RUHSAL ZEKÂYI ETKİLEYEN VE GELİŞTİREN NEDİR



Zekâ; ruhsal zekâ (SQ), duygusal zekâ (EQ) ve zihinsel zekâ (IQ) olmak üzere üç kısımda incelenmektedir. Ruhsal zekâyı etkileyen sebeplerin başında hedef gösterme, ideal verme ve inandırma gücü gelir. Başarının sırrı zihinsel zekâ değil ruhsal zekâdır. Ruhsal zekâ en kapsayıcı zekâdır. Ruhsal zekânın bölümleri; inanma, gerekçe, duygu, ısrar, kanaat, ruhsal iletişim ve ilahi iradedir.


Duygusal zekânın şartları: 
* Kendini tanımak 
* Duygularını kontrol etmek
* Empati 
* Başkalarıyla iyi ilişkiler kurmak
* Kurulan iyi ilişkileri sürdürebilmektir.

Zekâ çeşitlerini daha iyi anlayabilmek için şöyle bir örnek sanırım daha yararlı olacaktır. Bir tehlike anında zihinsel zekâ tepkisiz kalır. Duygusal zekâ korkutur. Ruhsal zekâ ise yarıştırır. Bir iş yaparken önümüze çıkacak engelleri kaldırarak işe başlamalı, yerimizden kalkarak eyleme hazır hale gelmeliyiz. Özgüvenimizi hiçbir zaman kaybetmeden hayallerimize ulaşmak için çalışmalıyız. Düşünce gücümüzü kullanarak hayatımızı olumlu bir şekilde yönlendirmeyi öğrenmeliyiz. Hayatımızı değiştirecek, düşünce gücümüzü harekete geçirecek etkinlikler kendimizi hazırlamalıyız.

Psikiyatrist Prof. Sayın Nevzat TARHAN: “Çocuk bir şeyi isteyerek öğrenirse verim artar. Öğrenmeye karşı istek ve ihtiyaç duyarsa, yapacağına inanma gücü de artar. Öğreneceği bilginin kendisine yararlı olacağını bilirse öğrenme isteği artıyor. Bunlar da çocukta ruhsal zekâyı geliştirmektedir.” diyor.

Öğrenci her şeyden önce insandır. Onların da korkuları, umutları, güçlü ve zayıf yönleri vardır. Çocukların yeteneklerinin de bir sınırı vardır. Her çocuğun ayrı ayrı yetenekleri olduğunu unutmayalım. Her çocuktan aynı başarıyı beklemek doğru olmaz. Çocukların başarısını, daha başarılı çocuklarla kıyaslayarak ölçmek yanlıştır. Önemli olan çocuğun kendi yeteneklerine göre başarılı olup olmadığına bakmamız gerekmektedir. Başarıların mutluluk ve huzur getirdiğini biliyoruz. Fakat bu başarının büyük uğraşlardan sonra geldiğini de göz ardı etmeyelim. 
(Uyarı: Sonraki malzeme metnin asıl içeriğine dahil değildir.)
lemma staller_lower_bound:
  assumes "graph V E" "card (undominated V E D) \<le> n"
  shows "induced_independence_number V E (undominated V E D) \<le> ind_game_val V E n D"
  using assms(2)
proof (induction n arbitrary: D)
  case 0
  have "finite V" using assms(1) by (simp add: graph_def)
  then have "undominated V E D = {}" using 0 by (simp add: undominated_def)
  then show ?case using induced_independence_number_empty[OF \<open>finite V\<close>] by simp
next
  case (Suc n)
  have "finite V" using assms(1) by (simp add: graph_def)
  let ?W = "undominated V E D"
  show ?case
  proof (cases "?W = {}")
    case True
    then show ?thesis using induced_independence_number_empty[OF \<open>finite V\<close>] by simp
  next
    case False
    obtain I where I: "I \<subseteq> ?W" "independent_set V E I" "card I = induced_independence_number V E ?W"
      using induced_independence_number_attained[OF \<open>finite V\<close>] .
    have "finite I" using I(1) \<open>finite V\<close> by (auto simp: undominated_def intro: finite_subset)
    show ?thesis
    proof (rule ind_game_val_Suc_ge[OF \<open>finite V\<close> False])
      fix v assume v: "v \<in> ?W"
      then have "v \<in> V" by (simp add: undominated_def)
      obtain u where u: "u \<in> I" "u \<in> closed_nbhd V E v"
        using maximum_independent_meets_closed_nbhd[OF assms(1) I v \<open>v \<in> V\<close>] by blast
      let ?W' = "undominated V E (insert u D)"
      have "card ?W' \<le> n"
        using card_undominated_insert_less[OF assms(1) v u(2)] Suc.prems by simp
      then have "induced_independence_number V E ?W' \<le> ind_game_val V E n (insert u D)"
        by (rule Suc.IH)
      moreover have "card (I - {u}) \<le> induced_independence_number V E ?W'"
        using independent_Diff_subset_undominated_insert[OF I(1,2) u(1)] I(2) \<open>finite V\<close>
        by (intro card_le_induced_independence_number) (auto simp: independent_set_def)
      ultimately show "\<exists>u\<in>closed_nbhd V E v.
          induced_independence_number V E ?W \<le> Suc (ind_game_val V E n (insert u D))"
        using u I(3) card_Suc_Diff1[OF \<open>finite I\<close> u(1)] by (metis Suc_le_mono le_trans)
    qed
  qed
qed

theorem independence_number_le_indicated_domination_number:
  assumes "graph V E"
  shows "independence_number V E \<le> indicated_domination_number V E"
  using staller_lower_bound[OF assms, of "{}" "card V"]
  by (simp add: undominated_empty induced_independence_number_vertices
      indicated_domination_number_def)

definition is_path :: "('a \<Rightarrow> 'a \<Rightarrow> bool) \<Rightarrow> 'a list \<Rightarrow> bool" where
  "is_path E xs \<longleftrightarrow> distinct xs \<and> (\<forall>i. Suc i < length xs \<longrightarrow> E (xs ! i) (xs ! Suc i))"

lemma is_path_snoc:
  assumes "is_path E xs" "xs \<noteq> []" "E (last xs) z" "z \<notin> set xs"
  shows "is_path E (xs @ [z])"
  unfolding is_path_def
proof (intro conjI allI impI)
  show "distinct (xs @ [z])" using assms(1,4) by (simp add: is_path_def)
  fix i assume i: "Suc i < length (xs @ [z])"
  show "E ((xs @ [z]) ! i) ((xs @ [z]) ! Suc i)"
  proof (cases "Suc i < length xs")
    case True
    then show ?thesis using assms(1) by (simp add: is_path_def nth_append)
  next
    case False
    then have "i = length xs - 1" "Suc i = length xs" using i by auto
    then show ?thesis using assms(2,3) by (simp add: nth_append last_conv_nth)
  qed
qed

lemma is_cycle_drop_path:
  assumes "is_path E xs" "j + 3 \<le> length xs" "E (last xs) (xs ! j)"
  shows "is_cycle E (drop j xs)"
  unfolding is_cycle_def
proof (intro conjI allI impI)
  show "3 \<le> length (drop j xs)" "distinct (drop j xs)"
    using assms(1,2) by (auto simp: is_path_def)
  show "E (drop j xs ! i) (drop j xs ! Suc i)" if "Suc i < length (drop j xs)" for i
    using assms(1) that by (auto simp: is_path_def)
  show "E (last (drop j xs)) (hd (drop j xs))"
    using assms(2,3) by (simp add: hd_drop_conv_nth)
qed

lemma acyclic_path_end_neighbour:
  assumes "graph V E" "\<nexists>ys. is_cycle E ys" "is_path E xs" "2 \<le> length xs"
    and "E (last xs) z" "z \<in> set xs"
  shows "z = xs ! (length xs - 2)"
proof -
  obtain j where j: "j < length xs" "z = xs ! j" using assms(6) by (auto simp: in_set_conv_nth)
  have "last xs = xs ! (length xs - 1)" using assms(4) by (intro last_conv_nth) auto
  moreover have "\<not> E z z" using assms(1) by (simp add: graph_def)
  ultimately have "j \<noteq> length xs - 1" using assms(5) j by auto
  moreover have "\<not> j + 3 \<le> length xs"
    using is_cycle_drop_path[OF assms(3)] assms(2,5) j by blast
  ultimately have "j = length xs - 2" using j(1) by linarith
  then show ?thesis using j(2) by simp
qed

lemma acyclic_path_reaches_leaf:
  assumes "graph V E" "\<nexists>ys. is_cycle E ys" "is_path E xs" "2 \<le> length xs" "set xs \<subseteq> V"
  shows "\<exists>l s. E l s \<and> (\<forall>t. E l t \<longrightarrow> t = s)"
  using assms(3-5)
proof (induction "card V - length xs" arbitrary: xs rule: less_induct)
  case less
  have sym: "\<And>a b. E a b \<Longrightarrow> E b a" and edge_in: "\<And>a b. E a b \<Longrightarrow> b \<in> V"
    using assms(1) by (auto simp: graph_def)
  show ?case
  proof (cases "\<exists>z. E (last xs) z \<and> z \<notin> set xs")
    case True
    then obtain z where z: "E (last xs) z" "z \<notin> set xs" by blast
    have "xs \<noteq> []" using less.prems(2) by auto
    then have path: "is_path E (xs @ [z])" using is_path_snoc[OF less.prems(1) _ z] by simp
    have "set (xs @ [z]) \<subseteq> V" using less.prems(3) edge_in[OF z(1)] by simp
    then have "card (set (xs @ [z])) \<le> card V"
      using assms(1) by (intro card_mono) (simp_all add: graph_def)
    then have "length (xs @ [z]) \<le> card V"
      using path distinct_card[of "xs @ [z]"] by (simp add: is_path_def)
    then show ?thesis
      using less.hyps[of "xs @ [z]"] path less.prems(2,3) edge_in[OF z(1)] by force
  next
    case False
    let ?s = "xs ! (length xs - 2)"
    have idx: "Suc (length xs - 2) < length xs" "Suc (length xs - 2) = length xs - 1"
      using less.prems(2) by auto
    have "E ?s (xs ! Suc (length xs - 2))" using less.prems(1) idx(1) unfolding is_path_def by blast
    moreover have "xs ! (length xs - 1) = last xs"
      using less.prems(2) by (intro last_conv_nth[symmetric]) auto
    ultimately have "E (last xs) ?s" using sym unfolding idx(2) by simp
    then show ?thesis
      using acyclic_path_end_neighbour[OF assms(1,2) less.prems(1,2)] False by blast
  qed
qed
Çocuk eğitiminde anne-baba, çevre ve öğretmenlerin ortak sorumlulukları vardır. Aile öğretmenle iyi bir diyalog içinde olmalıdır. Öğretmen de mümkün olduğu kadar her veliye ulaşarak onları tanımaya çalışmalıdır. Özellikle problemli çocukların eğitiminde beraber çalışmaya ihtiyaç vardır. Öğrenmenin daha verimli bir hale gelmesi için okulda karşılıklı sevgi ve saygı, okulun havasını etkileyerek, okul öğrenci tarafından sevilen bir mekân haline gelir. Her gün okula severek, koşarak, isteyerek gelir. 

Okul öğrenciye sevdirilmelidir. Fiziki yapısıyla onlara gösterilecek tutum ve davranışların sıcak olması gerekir. Okul yönetimi, öğretmen ve veliler elbirliği içerisinde ellerinden gelen her şeyi yapmak zorundadırlar. Eğer bunlar yapılırsa okul bir sevgi bahçesine dönüşür. Bu bahçeden de en verimli güller, laleler, menekşeler, sümbüller yetişir. Bu çiçeklerin kokusu da tüm dünyaya yayılır. Bu kokuyu hissedenler de huzurlu ve mutlu olur. Bizim de istediğimiz bu değil midir?